[Stored items]
____________
lemma next_elem_eqI:
  assumes "y \<in> S" "x < y" "\<And>z. x < z \<Longrightarrow> z < y \<Longrightarrow> z \<notin> S"
  shows "next_elem S x = y"
  unfolding next_elem_def using assms
  by (intro Least_equality) (auto simp: not_le[symmetric])

lemma next_elem_Suc: "Suc x \<in> S \<Longrightarrow> next_elem S x = Suc x"
  by (rule next_elem_eqI) auto

lemma enumerate_Suc_next_elem:
  "infinite S \<Longrightarrow> enumerate S (Suc n) = next_elem S (enumerate S n)"
  by (simp add: enumerate_Suc'' next_elem_def)

lemma enumerate_add_funpow:
  "infinite S \<Longrightarrow> enumerate S (m + i) = (next_elem S ^^ i) (enumerate S m)"
  by (induction i) (simp_all add: enumerate_Suc_next_elem)

lemma enumerate_mult_invariant:
  assumes "infinite S" "P (enumerate S 0)"
    and "\<And>x. x \<in> S \<Longrightarrow> P x \<Longrightarrow> P ((next_elem S ^^ n) x)"
  shows "P (enumerate S (j * n))"
proof (induction j)
  case (Suc j)
  have "enumerate S (Suc j * n) = (next_elem S ^^ n) (enumerate S (j * n))"
    using enumerate_add_funpow[OF assms(1), of "j * n" n] by (simp add: add.commute)
  then show ?case using assms(3) Suc enumerate_in_set[OF assms(1)] by simp
qed (use assms in simp)

lemma next_elem_funpow_consecutive:
  assumes "\<And>j. 1 \<le> j \<Longrightarrow> j \<le> i \<Longrightarrow> x + j \<in> S"
  shows "(next_elem S ^^ i) x = x + i"
  using assms
proof (induction i)
  case (Suc i)
  have "(next_elem S ^^ i) x = x + i" using Suc by simp
  moreover have "Suc (x + i) \<in> S" using Suc.prems[of "Suc i"] by simp
  ultimately show ?case by (simp add: next_elem_Suc)
qed simp

lemma eq_if_mod_eq_nat:
  fixes m n q :: nat
  assumes "m mod q = n mod q" "n \<le> m" "m < n + q"
  shows "m = n"
proof -
  have "q dvd m - n" "m - n < q" using assms mod_eq_dvd_iff_nat by auto
  then have "m - n = 0" by (meson dvd_imp_le not_less neq0_conv)
  then show ?thesis using assms(2) by simp
qed

lemma distinct_consecutive_mod_3: "distinct [m mod 3, Suc m mod 3, Suc (Suc m) mod 3]"
  by (simp add: mod_Suc)

lemma setcompr_one_to_three: "{f i | i. 1 \<le> i \<and> i \<le> (3::nat)} = {f 1, f 2, f 3}"
proof -
  have "i = 1 \<or> i = 2 \<or> i = 3" if "1 \<le> i" "i \<le> (3::nat)" for i using that by linarith
  then show ?thesis by auto
qed

lemma submonoid_gen_add:
  "x \<in> submonoid_gen S \<Longrightarrow> y \<in> submonoid_gen S \<Longrightarrow> x + y \<in> submonoid_gen S"
  by (induction x rule: submonoid_gen.induct) (auto simp: add.assoc intro: submonoid_gen.gen_add)

lemma submonoid_gen_mono:
  assumes "S \<subseteq> T"
  shows "submonoid_gen S \<subseteq> submonoid_gen T"
proof
  fix x assume "x \<in> submonoid_gen S"
  then show "x \<in> submonoid_gen T"
    by (induction x rule: submonoid_gen.induct) (use assms in \<open>auto intro: submonoid_gen.intros\<close>)
qed

lemma submonoid_gen_empty: "submonoid_gen {} = {0}"
proof -
  have "x = 0" if "x \<in> submonoid_gen {}" for x
    using that by (induction x rule: submonoid_gen.induct) auto
  then show ?thesis by (auto intro: submonoid_gen.zero)
qed
lemma mat_trace_S_adj_square:
  assumes G: "signed_graph n m ed sg" and O: "orientation m ed sg th"
  shows "mat_trace (S_adj n m ed th * S_adj n m ed th) = 4 * real m"
proof -
  let ?A = "S_adj n m ed th"
  define g :: "nat \<Rightarrow> nat \<Rightarrow> real" where
    "g a b = of_bool (a < n \<and> n \<le> b \<and> incident ed a (b - n))" for a b
  have "th a j * th a j = 1" if "j < m" "incident ed a j" for a j
    using O that unfolding orientation_def incident_def by auto
  then have "?A $$ (a, b) * ?A $$ (b, a) = g a b + g b a" if "a < n + m" "b < n + m" for a b
    using that by (auto simp: S_adj_index g_def simp flip: of_int_mult)
  then have "mat_trace (?A * ?A) = (\<Sum>a<n + m. \<Sum>b<n + m. g a b + g b a)"
    by (simp add: mat_trace_def scalar_prod_def atLeast0LessThan)
  also have "\<dots> = 2 * (\<Sum>a<n + m. \<Sum>b<n + m. g a b)"
    by (simp add: sum.distrib sum.swap[of "\<lambda>a b. g b a"])
  also have "(\<Sum>a<n + m. \<Sum>b<n + m. g a b) = (\<Sum>a<n. \<Sum>j<m. of_bool (incident ed a j))"
    by (simp add: sum_lessThan_add g_def)
  also have "\<dots> = (\<Sum>j<m. \<Sum>a<n. of_bool (incident ed a j))"
    by (rule sum.swap)
  also have "\<dots> = (\<Sum>j<m. 2)"
  proof (rule sum.cong)
    fix j assume "j \<in> {..<m}"
    then have "{..<n} \<inter> {a. incident ed a j} = {fst (ed j), snd (ed j)}"
      and "fst (ed j) \<noteq> snd (ed j)"
      using G unfolding signed_graph_def incident_def by auto
    then show "(\<Sum>a<n. of_bool (incident ed a j)) = (2::real)"
      by simp
  qed simp
  finally show ?thesis
    by simp
qed

lemma sum_spectrum_S_adj_square:
  assumes "signed_graph n m ed sg" and "orientation m ed sg th"
  shows "(\<Sum>z\<in>#spectrum_mset (S_adj n m ed th). z ^ 2) = 4 * of_nat m"
proof -
  let ?A = "S_adj n m ed th"
  have "(\<Sum>z\<in>#spectrum_mset ?A. z ^ 2) = mat_trace (map_mat complex_of_real (?A * ?A))"
    unfolding spectrum_mset_def
    by (simp add: sum_proots_char_poly_square[of _ "n + m"]
        of_real_hom.mat_hom_mult[OF S_adj_carrier S_adj_carrier])
  also have "\<dots> = complex_of_real (mat_trace (?A * ?A))"
    by (simp add: mat_trace_def)
  finally show ?thesis
    using mat_trace_S_adj_square[OF assms] by simp
qed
____________
▸ Activity
Print the entries exactly. Include every one.

▸ Response box
lemma next_elem_eqI:
  assumes "y \<in> S" "x < y" "\<And>z. x < z \<Longrightarrow> z < y \<Longrightarrow> z \<notin> S"
  shows "next_elem S x = y"
  unfolding next_elem_def using assms
  by (intro Least_equality) (auto simp: not_le[symmetric])

lemma next_elem_Suc: "Suc x \<in> S \<Longrightarrow> next_elem S x = Suc x"
  by (rule next_elem_eqI) auto

lemma enumerate_Suc_next_elem:
  "infinite S \<Longrightarrow> enumerate S (Suc n) = next_elem S (enumerate S n)"
  by (simp add: enumerate_Suc'' next_elem_def)

lemma enumerate_add_funpow:
  "infinite S \<Longrightarrow> enumerate S (m + i) = (next_elem S ^^ i) (enumerate S m)"
  by (induction i) (simp_all add: enumerate_Suc_next_elem)

lemma enumerate_mult_invariant:
  assumes "infinite S" "P (enumerate S 0)"
    and "\<And>x. x \<in> S \<Longrightarrow> P x \<Longrightarrow> P ((next_elem S ^^ n) x)"
  shows "P (enumerate S (j * n))"
proof (induction j)
  case (Suc j)
  have "enumerate S (Suc j * n) = (next_elem S ^^ n) (enumerate S (j * n))"
    using enumerate_add_funpow[OF assms(1), of "j * n" n] by (simp add: add.commute)
  then show ?case using assms(3) Suc enumerate_in_set[OF assms(1)] by simp
qed (use assms in simp)

lemma next_elem_funpow_consecutive:
  assumes "\<And>j. 1 \<le> j \<Longrightarrow> j \<le> i \<Longrightarrow> x + j \<in> S"
  shows "(next_elem S ^^ i) x = x + i"
  using assms
proof (induction i)
  case (Suc i)
  have "(next_elem S ^^ i) x = x + i" using Suc by simp
  moreover have "Suc (x + i) \<in> S" using Suc.prems[of "Suc i"] by simp
  ultimately show ?case by (simp add: next_elem_Suc)
qed simp

lemma eq_if_mod_eq_nat:
  fixes m n q :: nat
  assumes "m mod q = n mod q" "n \<le> m" "m < n + q"
  shows "m = n"
proof -
  have "q dvd m - n" "m - n < q" using assms mod_eq_dvd_iff_nat by auto
  then have "m - n = 0" by (meson dvd_imp_le not_less neq0_conv)
  then show ?thesis using assms(2) by simp
qed

lemma distinct_consecutive_mod_3: "distinct [m mod 3, Suc m mod 3, Suc (Suc m) mod 3]"
  by (simp add: mod_Suc)

lemma setcompr_one_to_three: "{f i | i. 1 \<le> i \<and> i \<le> (3::nat)} = {f 1, f 2, f 3}"
proof -
  have "i = 1 \<or> i = 2 \<or> i = 3" if "1 \<le> i" "i \<le> (3::nat)" for i using that by linarith
  then show ?thesis by auto
qed

lemma submonoid_gen_add:
  "x \<in> submonoid_gen S \<Longrightarrow> y \<in> submonoid_gen S \<Longrightarrow> x + y \<in> submonoid_gen S"
  by (induction x rule: submonoid_gen.induct) (auto simp: add.assoc intro: submonoid_gen.gen_add)

lemma submonoid_gen_mono:
  assumes "S \<subseteq> T"
  shows "submonoid_gen S \<subseteq> submonoid_gen T"
proof
  fix x assume "x \<in> submonoid_gen S"
  then show "x \<in> submonoid_gen T"
    by (induction x rule: submonoid_gen.induct) (use assms in \<open>auto intro: submonoid_gen.intros\<close>)
qed

lemma submonoid_gen_empty: "submonoid_gen {} = {0}"
proof -
  have "x = 0" if "x \<in> submonoid_gen {}" for x
    using that by (induction x rule: submonoid_gen.induct) auto
  then show ?thesis by (auto intro: submonoid_gen.zero)
qed
lemma mat_trace_S_adj_square:
  assumes G: "signed_graph n m ed sg" and O: "orientation m ed sg th"
  shows "mat_trace (S_adj n m ed th * S_adj n m ed th) = 4 * real m"
proof -
  let ?A = "S_adj n m ed th"
  define g :: "nat \<Rightarrow> nat \<Rightarrow> real" where
    "g a b = of_bool (a < n \<and> n \<le> b \<and> incident ed a (b - n))" for a b
  have "th a j * th a j = 1" if "j < m" "incident ed a j" for a j
    using O that unfolding orientation_def incident_def by auto
  then have "?A $$ (a, b) * ?A $$ (b, a) = g a b + g b a" if "a < n + m" "b < n + m" for a b
    using that by (auto simp: S_adj_index g_def simp flip: of_int_mult)
  then have "mat_trace (?A * ?A) = (\<Sum>a<n + m. \<Sum>b<n + m. g a b + g b a)"
    by (simp add: mat_trace_def scalar_prod_def atLeast0LessThan)
  also have "\<dots> = 2 * (\<Sum>a<n + m. \<Sum>b<n + m. g a b)"
    by (simp add: sum.distrib sum.swap[of "\<lambda>a b. g b a"])
  also have "(\<Sum>a<n + m. \<Sum>b<n + m. g a b) = (\<Sum>a<n. \<Sum>j<m. of_bool (incident ed a j))"
    by (simp add: sum_lessThan_add g_def)
  also have "\<dots> = (\<Sum>j<m. \<Sum>a<n. of_bool (incident ed a j))"
    by (rule sum.swap)
  also have "\<dots> = (\<Sum>j<m. 2)"
  proof (rule sum.cong)
    fix j assume "j \<in> {..<m}"
    then have "{..<n} \<inter> {a. incident ed a j} = {fst (ed j), snd (ed j)}"
      and "fst (ed j) \<noteq> snd (ed j)"
      using G unfolding signed_graph_def incident_def by auto
    then show "(\<Sum>a<n. of_bool (incident ed a j)) = (2::real)"
      by simp
  qed simp
  finally show ?thesis
    by simp
qed

lemma sum_spectrum_S_adj_square:
  assumes "signed_graph n m ed sg" and "orientation m ed sg th"
  shows "(\<Sum>z\<in>#spectrum_mset (S_adj n m ed th). z ^ 2) = 4 * of_nat m"
proof -
  let ?A = "S_adj n m ed th"
  have "(\<Sum>z\<in>#spectrum_mset ?A. z ^ 2) = mat_trace (map_mat complex_of_real (?A * ?A))"
    unfolding spectrum_mset_def
    by (simp add: sum_proots_char_poly_square[of _ "n + m"]
        of_real_hom.mat_hom_mult[OF S_adj_carrier S_adj_carrier])
  also have "\<dots> = complex_of_real (mat_trace (?A * ?A))"
    by (simp add: mat_trace_def)
  finally show ?thesis
    using mat_trace_S_adj_square[OF assms] by simp
qed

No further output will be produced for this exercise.